The scene in which Annie follows Sarah-Jane to her new apartment, is famous. Three-hanky alert! Make sure you have plenty of kleenex first, before watching:



Handzo:

It is only with Annie's death that Sara Jane again acknowledges her mother. For the funeral scene, Sirk pulls out all the stops, even to Mahalia Jackson singing "Trouble of the World." Yet all the brilliant hues of the stained-glass windows and floral arrangements serve to throw into relief the most potent visual elements in this color film about color that are black and white: the white hearse requested by Annie, the white casket upon which Sara Jane flings herself hysterically when she finally realizes the emotional cost of this posthumous whiteness. As a final inversion, the white women, Turner and Dee, and Kohner, who wanted to be white, are reunited in Turner's black Chrysler limousine, temporarily equalized by the black of mourning.
[5]
This elaborate, overdone, melodramatic and beautiful soap-opera has a rock-hard truth at its core, which is what keeps some of us coming back to it again and again. What an interesting movie to show so soon after our recent election!
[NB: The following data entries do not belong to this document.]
lemma cinner_commute: "cinner v u = cnj (cinner u v)"
  by (simp add: cinner_def mult.commute)

lemma cinner_self: "cinner v v = of_real ((norm v)\<^sup>2)"
proof -
  have "cinner v v = of_real (\<Sum>i\<in>UNIV. (cmod (v$i))\<^sup>2)"
    unfolding cinner_def of_real_sum
    by (intro sum.cong refl) (metis complex_norm_square mult.commute of_real_power)
  then show ?thesis
    by (simp add: norm_vec_def L2_set_def sum_nonneg)
qed

lemma matrix_vector_mult_scale: "(M::'a::comm_ring_1^'n::finite^'m) *v (c *s v) = c *s (M *v v)"
  by (simp add: matrix_vector_mult_def vec_eq_iff sum_distrib_left algebra_simps)

lemma scaleR_matrix_vector_mult: "(r *\<^sub>R (M::'n::finite cmat)) *v v = complex_of_real r *s (M *v v)"
  unfolding matrix_vector_mult_def
  by (simp add: vec_eq_iff sum_distrib_left) (simp add: scaleR_conv_of_real algebra_simps)

lemma trace_scaleR: "trace (r *\<^sub>R (M::'n::finite cmat)) = of_real r * trace M"
  unfolding trace_def by (simp add: sum_distrib_left) (simp add: scaleR_conv_of_real)

lemma psd_iff_cinner: "psd M \<longleftrightarrow> (\<forall>v. Im (cinner v (M *v v)) = 0 \<and> 0 \<le> Re (cinner v (M *v v)))"
  by (simp add: psd_def cinner_def Let_def)

lemma psd_cinner_real: "psd M \<Longrightarrow> cinner v (M *v v) = of_real (Re (cinner v (M *v v)))"
  by (simp add: psd_iff_cinner complex_eq_iff)

lemma psd_cinner_commute:
  assumes "psd M"
  shows "cinner z (M *v y) = cnj (cinner y (M *v z))"
proof -
  have real: "\<And>v. Im (cinner v (M *v v)) = 0"
    using assms by (simp add: psd_iff_cinner)
  from real[of "y + z"] real[of y] real[of z]
  have "Im (cinner y (M *v z)) + Im (cinner z (M *v y)) = 0"
    by (simp add: cinner_add_left cinner_add_right matrix_vector_right_distrib)
  moreover from real[of "y + \<i> *s z"] real[of y] real[of z]
  have "Re (cinner y (M *v z)) - Re (cinner z (M *v y)) = 0"
    by (simp add: cinner_add_left cinner_add_right cinner_scale_left cinner_scale_right
        matrix_vector_right_distrib matrix_vector_mult_scale algebra_simps)
  ultimately show ?thesis
    by (simp add: complex_eq_iff)
qed

lemma le_product_if_quadratic_nonneg:
  fixes a c N :: real
  assumes "\<And>t. 0 \<le> a - 2 * t * N + t\<^sup>2 * N * c" and "0 \<le> N" and "0 \<le> c"
  shows "N \<le> a * c"
proof (cases "c = 0")
  case True
  show ?thesis
  proof (rule ccontr)
    assume "\<not> N \<le> a * c"
    then have "N > 0"
      using True by simp
    have "0 \<le> a - 2 * ((a + 1) / (2 * N)) * N"
      using assms(1)[of "(a + 1) / (2 * N)"] True by simp
    also have "\<dots> = -1"
      using \<open>N > 0\<close> by (simp add: field_simps)
    finally show False
      by simp
  qed
next
  case False
  then have "c > 0"
    using assms(3) by simp
  have "0 \<le> a - 2 * (1 / c) * N + (1 / c)\<^sup>2 * N * c"
    by (rule assms(1))
  also have "\<dots> = (a * c - N) / c"
    using \<open>c > 0\<close> by (simp add: field_simps power2_eq_square)
  finally show ?thesis
    using \<open>c > 0\<close> by (simp add: zero_le_divide_iff)
qed

lemma psd_cauchy_schwarz:
  assumes "psd M"
  shows "(cmod (cinner u (M *v w)))\<^sup>2 \<le> Re (cinner u (M *v u)) * Re (cinner w (M *v w))"
proof -
  define \<alpha> where "\<alpha> = cinner u (M *v w)"
  define a where "a = Re (cinner u (M *v u))"
  define c where "c = Re (cinner w (M *v w))"
  define N where "N = (cmod \<alpha>)\<^sup>2"
  have N_eq: "N = (Re \<alpha>)\<^sup>2 + (Im \<alpha>)\<^sup>2"
    by (simp add: N_def cmod_power2)
  have "c \<ge> 0"
    using assms by (simp add: psd_iff_cinner c_def)
  have quadratic: "0 \<le> a - 2 * t * N + t\<^sup>2 * N * c" for t :: real
  proof -
    define s where "s = of_real t * cnj \<alpha>"
    have "0 \<le> Re (cinner (u - s *s w) (M *v (u - s *s w)))"
      using assms by (simp add: psd_iff_cinner)
    also have "cinner (u - s *s w) (M *v (u - s *s w))
        = cinner u (M *v u) - s * \<alpha> - cnj s * cnj \<alpha> + cnj s * s * cinner w (M *v w)"
      using psd_cinner_commute[OF assms, of w u]
      by (simp add: cinner_diff_left cinner_diff_right cinner_scale_left cinner_scale_right
          matrix_vector_mult_diff_distrib matrix_vector_mult_scale \<alpha>_def algebra_simps)
    also have "Re \<dots> = a - 2 * t * N + t\<^sup>2 * N * c"
      using psd_cinner_real[OF assms, of u] psd_cinner_real[OF assms, of w]
      by (simp add: s_def a_def c_def N_eq power2_eq_square algebra_simps)
    finally show ?thesis .
  qed
  then have "N \<le> a * c"
    using \<open>c \<ge> 0\<close> by (intro le_product_if_quadratic_nonneg) (simp_all add: N_def)
  then show ?thesis
    by (simp add: N_def a_def c_def \<alpha>_def)
qed

lemma psd_zero: "psd 0"
  by (simp add: psd_iff_cinner cinner_def)

lemma psd_add: "psd M \<Longrightarrow> psd N \<Longrightarrow> psd (M + N)"
  by (simp add: psd_iff_cinner cinner_add_right matrix_vector_mult_add_rdistrib)

lemma psd_sum: "finite S \<Longrightarrow> (\<And>a. a \<in> S \<Longrightarrow> psd (M a)) \<Longrightarrow> psd (\<Sum>a\<in>S. M a)"
  by (induction S rule: finite_induct) (auto simp: psd_zero psd_add)

lemma psd_scaleR: "psd M \<Longrightarrow> 0 \<le> r \<Longrightarrow> psd (r *\<^sub>R M)"
  by (simp add: psd_iff_cinner scaleR_matrix_vector_mult cinner_scale_right)

definition outer :: "complex^'n::finite \<Rightarrow> 'n cmat" where
  "outer v = (\<chi> i j. v$i * cnj (v$j))"

lemma outer_mult_vector: "outer v *v w = cinner v w *s v"
  by (simp add: outer_def cinner_def matrix_vector_mult_def vec_eq_iff sum_distrib_left algebra_simps)

lemma cinner_outer: "cinner u (outer v *v u) = of_real ((cmod (cinner u v))\<^sup>2)"
  unfolding complex_norm_square
  by (simp add: outer_mult_vector cinner_scale_right cinner_commute[of v u] mult.commute)

lemma trace_outer: "trace (outer v) = of_real ((norm v)\<^sup>2)"
proof -
  have "trace (outer v) = cinner v v"
    by (simp add: trace_def outer_def cinner_def mult.commute)
  then show ?thesis
    by (simp only: cinner_self)
qed

lemma psd_outer: "psd (outer v)"
  by (simp add: psd_iff_cinner cinner_outer)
It's a new day, and let's hope our Sarah Janes never feel they must make such choices, ever again.


~*~


[1] During commercials, I was flipping back and forth from IMITATION OF LIFE to the GODFATHER movies, wherein Troy Donahue plays Connie Corleone's would-be husband, Merle, immortalized thusly: "Now, I don't know this Merle--I don't know what he does--I don't know what he lives on." (A shared catchphrase between me and Mr Daisy, regarding those interesting people who have no visible means of support.) Donahue's real name, in fact, was Merle Johnson. How amazing to see the arrogant teen idol morph into a middle-aged gigolo right before my eyes!
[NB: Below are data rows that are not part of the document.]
(* Let $X=\{0,1\}$ and let $G_L$ be the group of automorphisms of the binary tree $X^*$ generated by $a,b$ defined by the wreath recursions $a=\psi_a(a,\mathbb 1)$, $b=\psi_b(b,a)$, where $\psi_a=(0\,1)$ and $\psi_b$ is the identity, i.e. $a(0w)=1a(w)$, $a(1w)=0w$, $b(0w)=0b(w)$, $b(1w)=1a(w)$. Let $\Gamma_n$ denote the Schreier graph of $G_L$ on $X^n$ with respect to $S=\{a,b,a^{-1},b^{-1}\}$. Then: (1) if $m>n\ge1$, the map $\pi:\Gamma_m\to\Gamma_n$, $\pi(x_1\cdots x_m)=x_1\cdots x_n$, is an unramified covering; (2) for every $n\ge1$, $\pi:\Gamma_{n+1}\to\Gamma_n$ is a normal (Galois) covering with Galois group $\mathrm{Gal}(\Gamma_{n+1}|\Gamma_n)\cong\mathbb Z/2\mathbb Z$.
   Context: Schreier graph $\Gamma_n$: vertex set $X^n$; for every $v\in X^n$ and $s\in S$ an edge joining $v$ and $s(v)$ (the edge from $s$ at $v$ identified with the one from $s^{-1}$ at $s(v)$), so $\Gamma_n$ is a $4$-regular multigraph with loops allowed. A surjective graph map $\pi:\widetilde Y\to Y$ is an unramified covering if for every vertex $u$ of $Y$ and $v\in\pi^{-1}(u)$ it maps the neighbours of $v$ bijectively onto the neighbours of $u$; it is $d$-sheeted if fibres have size $d$, and normal (Galois) if there are $d$ graph automorphisms $\sigma$ of $\widetilde Y$ with $\pi\circ\sigma=\pi$, forming the Galois group. *)

theory Defs
  imports Main "HOL-Library.FuncSet" "HOL-Algebra.Elementary_Groups"
begin

text \<open>A multigraph is given by a vertex set, a set of darts (oriented half-edges),
  the source map and the orientation-reversing involution; an edge is a pair
  of mutually reverse darts.  The neighbours of a vertex are counted via the
  darts starting there (so a loop contributes twice, as in a 4-regular graph).\<close>

record ('v, 'd) mgraph =
  gverts :: "'v set"
  gdarts :: "'d set"
  gsrc   :: "'d \<Rightarrow> 'v"
  grev   :: "'d \<Rightarrow> 'd"

definition star :: "('v, 'd) mgraph \<Rightarrow> 'v \<Rightarrow> 'd set" where
  "star G v = {d \<in> gdarts G. gsrc G d = v}"

definition graph_map ::
  "('v, 'd) mgraph \<Rightarrow> ('w, 'e) mgraph \<Rightarrow> ('v \<Rightarrow> 'w) \<Rightarrow> ('d \<Rightarrow> 'e) \<Rightarrow> bool" where
  "graph_map G H f g \<longleftrightarrow>
     f \<in> gverts G \<rightarrow> gverts H \<and> g \<in> gdarts G \<rightarrow> gdarts H \<and>
     (\<forall>d \<in> gdarts G. gsrc H (g d) = f (gsrc G d) \<and> grev H (g d) = g (grev G d))"

definition unramified_covering ::
  "('v, 'd) mgraph \<Rightarrow> ('w, 'e) mgraph \<Rightarrow> ('v \<Rightarrow> 'w) \<Rightarrow> ('d \<Rightarrow> 'e) \<Rightarrow> bool" where
  "unramified_covering G H f g \<longleftrightarrow>
     graph_map G H f g \<and> f ` gverts G = gverts H \<and> g ` gdarts G = gdarts H \<and>
     (\<forall>v \<in> gverts G. bij_betw g (star G v) (star H (f v)))"

definition sheeted ::
  "nat \<Rightarrow> ('v, 'd) mgraph \<Rightarrow> ('w, 'e) mgraph \<Rightarrow> ('v \<Rightarrow> 'w) \<Rightarrow> bool" where
  "sheeted k G H f \<longleftrightarrow> (\<forall>u \<in> gverts H. card {v \<in> gverts G. f v = u} = k)"

definition deck_transformations ::
  "('v, 'd) mgraph \<Rightarrow> ('v \<Rightarrow> 'w) \<Rightarrow> ('d \<Rightarrow> 'e) \<Rightarrow> (('v \<Rightarrow> 'v) \<times> ('d \<Rightarrow> 'd)) set" where
  "deck_transformations G f g =
     {(\<sigma>, \<tau>). \<sigma> \<in> extensional (gverts G) \<and> \<tau> \<in> extensional (gdarts G) \<and>
        bij_betw \<sigma> (gverts G) (gverts G) \<and> bij_betw \<tau> (gdarts G) (gdarts G) \<and>
        graph_map G G \<sigma> \<tau> \<and>
        (\<forall>v \<in> gverts G. f (\<sigma> v) = f v) \<and> (\<forall>d \<in> gdarts G. g (\<tau> d) = g d)}"

definition galois_group ::
  "('v, 'd) mgraph \<Rightarrow> ('v \<Rightarrow> 'w) \<Rightarrow> ('d \<Rightarrow> 'e) \<Rightarrow> (('v \<Rightarrow> 'v) \<times> ('d \<Rightarrow> 'd)) monoid" where
  "galois_group G f g =
     \<lparr> carrier = deck_transformations G f g,
       mult = (\<lambda>(\<sigma>, \<tau>) (\<sigma>', \<tau>'). (compose (gverts G) \<sigma> \<sigma>', compose (gdarts G) \<tau> \<tau>')),
       one = (restrict id (gverts G), restrict id (gdarts G)) \<rparr>"

definition normal_covering ::
  "nat \<Rightarrow> ('v, 'd) mgraph \<Rightarrow> ('w, 'e) mgraph \<Rightarrow> ('v \<Rightarrow> 'w) \<Rightarrow> ('d \<Rightarrow> 'e) \<Rightarrow> bool" where
  "normal_covering k G H f g \<longleftrightarrow>
     unramified_covering G H f g \<and> sheeted k G H f \<and> card (deck_transformations G f g) = k"

text \<open>Letters: \<open>False\<close> = 0, \<open>True\<close> = 1.\<close>

fun act_a :: "bool list \<Rightarrow> bool list" where
  "act_a [] = []"
| "act_a (False # w) = True # act_a w"
| "act_a (True # w) = False # w"

fun act_b :: "bool list \<Rightarrow> bool list" where
  "act_b [] = []"
| "act_b (False # w) = False # act_b w"
| "act_b (True # w) = True # act_a w"

datatype gen = Ga | Gb

fun act :: "gen \<Rightarrow> bool list \<Rightarrow> bool list" where
  "act Ga w = act_a w"
| "act Gb w = act_b w"

text \<open>Schreier graph \<open>\<Gamma>_n\<close>: one edge \<open>(v,s)\<close> joining \<open>v\<close> and \<open>s(v)\<close> for each
  \<open>v \<in> X^n\<close>, \<open>s \<in> {a,b}\<close> (this edge is also the edge from \<open>s\<^sup>-\<^sup>1\<close> at \<open>s(v)\<close>).\<close>
definition schreier :: "nat \<Rightarrow> (bool list, (bool list \<times> gen) \<times> bool) mgraph" where
  "schreier n =
     \<lparr> gverts = {w. length w = n},
       gdarts = {((w, s), b). length w = n},
       gsrc = (\<lambda>((w, s), b). if b then w else act s w),
       grev = (\<lambda>((w, s), b). ((w, s), \<not> b)) \<rparr>"

definition proj_v :: "nat \<Rightarrow> bool list \<Rightarrow> bool list" where
  "proj_v n w = take n w"

definition proj_d :: "nat \<Rightarrow> (bool list \<times> gen) \<times> bool \<Rightarrow> (bool list \<times> gen) \<times> bool" where
  "proj_d n = (\<lambda>((w, s), b). ((take n w, s), b))"

end

theory Submission
  imports Defs
begin

text \<open>Every generator acts on words letter by letter from the left, so truncation to
  the first \<open>n\<close> letters is equivariant; this makes \<open>\<pi>\<close> a graph map, and since each
  generator is invertible it is a local bijection on stars.  On \<open>X\<^sup>n\<^sup>+\<^sup>1\<close> every
  generator changes the last letter by a translation depending only on the prefix,
  so flipping the last letter commutes with the action and is a nontrivial deck
  transformation.  Conversely a deck transformation commutes with \<open>a\<close>, which acts
  transitively on each level (it is the odometer), hence is determined by its value
  at one vertex, which lies in a fibre of size two.\<close>

lemma length_act_a [simp]: "length (act_a w) = length w"
  by (induction w rule: act_a.induct) auto

lemma length_act_b [simp]: "length (act_b w) = length w"
  by (induction w rule: act_b.induct) auto

lemma length_act [simp]: "length (act s w) = length w"
  by (cases s) auto

lemma take_act_a: "take n (act_a w) = act_a (take n w)"
  by (induction w arbitrary: n rule: act_a.induct) (auto simp: take_Cons split: nat.splits)

lemma take_act_b: "take n (act_b w) = act_b (take n w)"
  by (induction w arbitrary: n rule: act_b.induct)
    (auto simp: take_Cons take_act_a split: nat.splits)

lemma take_act: "take n (act s w) = act s (take n w)"
  by (cases s) (auto simp: take_act_a take_act_b)

fun act_a_inv :: "bool list \<Rightarrow> bool list" where
  "act_a_inv [] = []"
| "act_a_inv (True # w) = False # act_a_inv w"
| "act_a_inv (False # w) = True # w"

fun act_b_inv :: "bool list \<Rightarrow> bool list" where
  "act_b_inv [] = []"
| "act_b_inv (False # w) = False # act_b_inv w"
| "act_b_inv (True # w) = True # act_a_inv w"

fun act_inv :: "gen \<Rightarrow> bool list \<Rightarrow> bool list" where
  "act_inv Ga w = act_a_inv w"
| "act_inv Gb w = act_b_inv w"

lemma act_a_act_a_inv [simp]: "act_a (act_a_inv w) = w"
  by (induction w rule: act_a_inv.induct) auto

lemma act_a_inv_act_a [simp]: "act_a_inv (act_a w) = w"
  by (induction w rule: act_a.induct) auto

lemma length_act_a_inv [simp]: "length (act_a_inv w) = length w"
  by (induction w rule: act_a_inv.induct) auto

lemma act_b_act_b_inv [simp]: "act_b (act_b_inv w) = w"
  by (induction w rule: act_b_inv.induct) auto

lemma act_b_inv_act_b [simp]: "act_b_inv (act_b w) = w"
  by (induction w rule: act_b.induct) auto

lemma length_act_b_inv [simp]: "length (act_b_inv w) = length w"
  by (induction w rule: act_b_inv.induct) auto

lemma act_act_inv [simp]: "act s (act_inv s w) = w"
  by (cases s) auto

lemma act_inv_act [simp]: "act_inv s (act s w) = w"
  by (cases s) auto

lemma length_act_inv [simp]: "length (act_inv s w) = length w"
  by (cases s) auto

lemma act_inj: "act s w = act s w' \<Longrightarrow> w = w'"
  by (metis act_inv_act)

lemma take_act_inv: "take n (act_inv s w) = act_inv s (take n w)"
  by (metis act_act_inv act_inv_act take_act)

lemma act_a_snoc: "\<exists>c. \<forall>x. act_a (p @ [x]) = act_a p @ [c \<noteq> x]"
proof (induction p rule: act_a.induct)
  case 1
  have "act_a [x] = [True \<noteq> x]" for x
    by (cases x) auto
  then show ?case by auto
qed auto

lemma act_b_snoc: "\<exists>c. \<forall>x. act_b (p @ [x]) = act_b p @ [c \<noteq> x]"
proof (induction p rule: act_b.induct)
  case (3 w)
  then show ?case using act_a_snoc[of w] by auto
next
  case 1
  have "act_b [x] = [False \<noteq> x]" for x
    by (cases x) auto
  then show ?case by auto
qed auto

lemma act_snoc: "\<exists>c. \<forall>x. act s (p @ [x]) = act s p @ [c \<noteq> x]"
  using act_a_snoc act_b_snoc by (cases s) auto

definition flip_last :: "bool list \<Rightarrow> bool list" where
  "flip_last w = butlast w @ [\<not> last w]"

lemma flip_last_snoc [simp]: "flip_last (p @ [x]) = p @ [\<not> x]"
  by (simp add: flip_last_def)

lemma length_flip_last [simp]: "length w = Suc k \<Longrightarrow> length (flip_last w) = Suc k"
  by (simp add: flip_last_def)

lemma flip_last_flip_last [simp]: "length w = Suc k \<Longrightarrow> flip_last (flip_last w) = w"
  by (cases w rule: rev_cases) auto

lemma flip_last_neq: "length w = Suc k \<Longrightarrow> flip_last w \<noteq> w"
  by (metis flip_last_def last_snoc)

lemma take_flip_last: "length w = Suc n \<Longrightarrow> take n (flip_last w) = take n w"
  by (simp add: flip_last_def butlast_conv_take)

lemma act_flip_last: "length w = Suc k \<Longrightarrow> act s (flip_last w) = flip_last (act s w)"
proof -
  assume "length w = Suc k"
  then obtain p x where w: "w = p @ [x]"
    by (metis length_Suc_conv_rev)
  obtain c where "\<forall>x. act s (p @ [x]) = act s p @ [c \<noteq> x]"
    using act_snoc by blast
  then show ?thesis unfolding w by simp
qed

lemma take_eq_imp_eq_or_flip_last:
  assumes "length v = Suc n" "length v' = Suc n" "take n v' = take n v"
  shows "v' = v \<or> v' = flip_last v"
proof -
  obtain p x where v: "v = p @ [x]"
    using assms(1) by (metis length_Suc_conv_rev)
  obtain p' x' where v': "v' = p' @ [x']"
    using assms(2) by (metis length_Suc_conv_rev)
  have "p' = p"
    using assms unfolding v v' by simp
  then show ?thesis
    unfolding v v' by (cases x; cases x') auto
qed

lemma funpow_act_a_double_Cons: "(act_a ^^ (2 * k)) (x # w) = x # (act_a ^^ k) w"
proof (induction k)
  case (Suc k)
  have "act_a (act_a (y # u)) = y # act_a u" for y u
    by (cases y) auto
  with Suc show ?case
    by (simp add: mult_Suc_right)
qed simp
Cover of Cheryl Crane's memoir, DETOUR.

[2] Obviously, nobody but Cheryl Crane, Lana Turner, and the deceased Johnny Stompanato, will ever know what really happened. But the standard Hollywood gossip and movie-magazine narrative was that Lana killed Johnny, and underage Cheryl took the fall for it, because she wouldn't get an adult sentence. Speaking of Harold Robbins, this was also the brazenly-stolen plot of his novel and subsequent movie Where Love Has Gone (1964), starring Susan Hayward as the Lana character (named Valerie) and Joey Heatherton as the Cheryl character (named Danielle). Heatherton, Stanley Kubrick's smoldering first choice for the role of LOLITA (Joey's dad said no), is perfect as an early-60s, juvenile delinquent-temptress, while Susan Hayward delivers one of those trademark threatening-to-boil-over performances of hers. (She's no Lana, but Joey is worth the movie.) In Cheryl Crane's biography DETOUR (yes, I just happen to have a copy of the book right HERE, she said, embarrassed), Cheryl dutifully repeats the legal version of events and I don't believe it for a minute. But the photos in the book are GREAT!
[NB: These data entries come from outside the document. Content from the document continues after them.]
lemma walk_laplacian_mult_vec:
  "(walk_laplacian E X lam *v y) $ i =
    (if i \<in> X then 0 else y $ i - (\<Sum>j\<in>neighbors E i. lam i j * y $ j))"
  using walk_laplacian_row_comb[of E X lam i "\<lambda>j. y $ j"]
  by (simp add: matrix_vector_mult_def)

lemma walk_laplacian_equilibrium_stress:
  assumes "transition_weights E X lam"
    and "\<And>i. i \<notin> X \<Longrightarrow> (\<Sum>j\<in>neighbors E i. lam i j *\<^sub>R q j) = q i"
  shows "nonsym_equilibrium_stress q E (walk_laplacian E X lam)"
  unfolding nonsym_equilibrium_stress_def
proof (intro conjI allI impI)
  fix u w assume "u \<noteq> w \<and> \<not> E u w"
  then show "walk_laplacian E X lam $ u $ w = 0"
    by (auto simp: walk_laplacian_def neighbors_def)
next
  fix u
  show "(\<Sum>w\<in>UNIV. walk_laplacian E X lam $ u $ w) = 0"
    using walk_laplacian_row_comb[of E X lam u "\<lambda>_. 1::real"] assms(1)
    by (simp add: transition_weights_def)
  show "(\<Sum>w\<in>UNIV. walk_laplacian E X lam $ u $ w *\<^sub>R q w) = 0"
    unfolding walk_laplacian_row_comb using assms(2) by simp
qed

lemma walk_laplacian_kernel_vanishing_on_boundary:
  assumes conn: "\<And>u w. E\<^sup>*\<^sup>* u w" and "X \<noteq> {}"
    and lam: "transition_weights E X lam"
    and ker: "walk_laplacian E X lam *v y = 0" and boundary: "\<forall>i\<in>X. y $ i = 0"
  shows "y = 0"
proof -
  have "(\<Sum>j\<in>neighbors E i. lam i j * y $ j) = y $ i" if "i \<notin> X" for i
    using arg_cong[OF ker, of "\<lambda>v. v $ i"] that by (simp add: walk_laplacian_mult_vec)
  then have harmonic: "(\<Sum>j\<in>neighbors E i. lam i j * (s * y $ j)) = s * y $ i" if "i \<notin> X" for i s
    using that by (simp add: mult.left_commute sum_distrib_left[symmetric])
  have "s * y $ v \<le> 0" for s v
  proof -
    obtain b where "b \<in> X" "\<And>v. s * y $ v \<le> s * y $ b"
      using harmonic_max_on_boundary[OF conn \<open>X \<noteq> {}\<close> lam, of "\<lambda>j. s * y $ j"] harmonic
      by blast
    then show ?thesis
      using boundary by (metis mult_zero_right)
  qed
  from this[of 1] this[of "-1"] show ?thesis
    by (simp add: vec_eq_iff antisym)
qed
[3] Sandra Dee's delicate, wispy frame, once lauded in the coveted role of GIDGET, now causes me to wince, since I know (from reading DREAM LOVERS) that she had a harsh, world-class, Hollywood-style eating disorder. Her stage-mother had her injected with all manner of bizarre shit. (As I stated in my comments on this thread, I have long refused to watch the biopic of Bobby Darren, BEYOND THE SEA, because I heard it trashed his devoted wife Sandra Dee. And besides: KATE BOSWORTH?!? Not hardly.)

[4] Both had been considered for Elia Kazan's PINKY (1949), also about a biracial woman passing as white, but studios went with (decidedly lukewarm) Jeanne Crain, for box-office appeal. In the first IMITATION OF LIFE, Kohner's character was played by African-American actress Fredi Washington.

[5] The entire bang-up finale of IMITATION OF LIFE; Annie's death, Mahalia Jackson, the grand, over-the-top funeral, Sarah-Jane throwing herself on the casket in hysterics, is available on YouTube.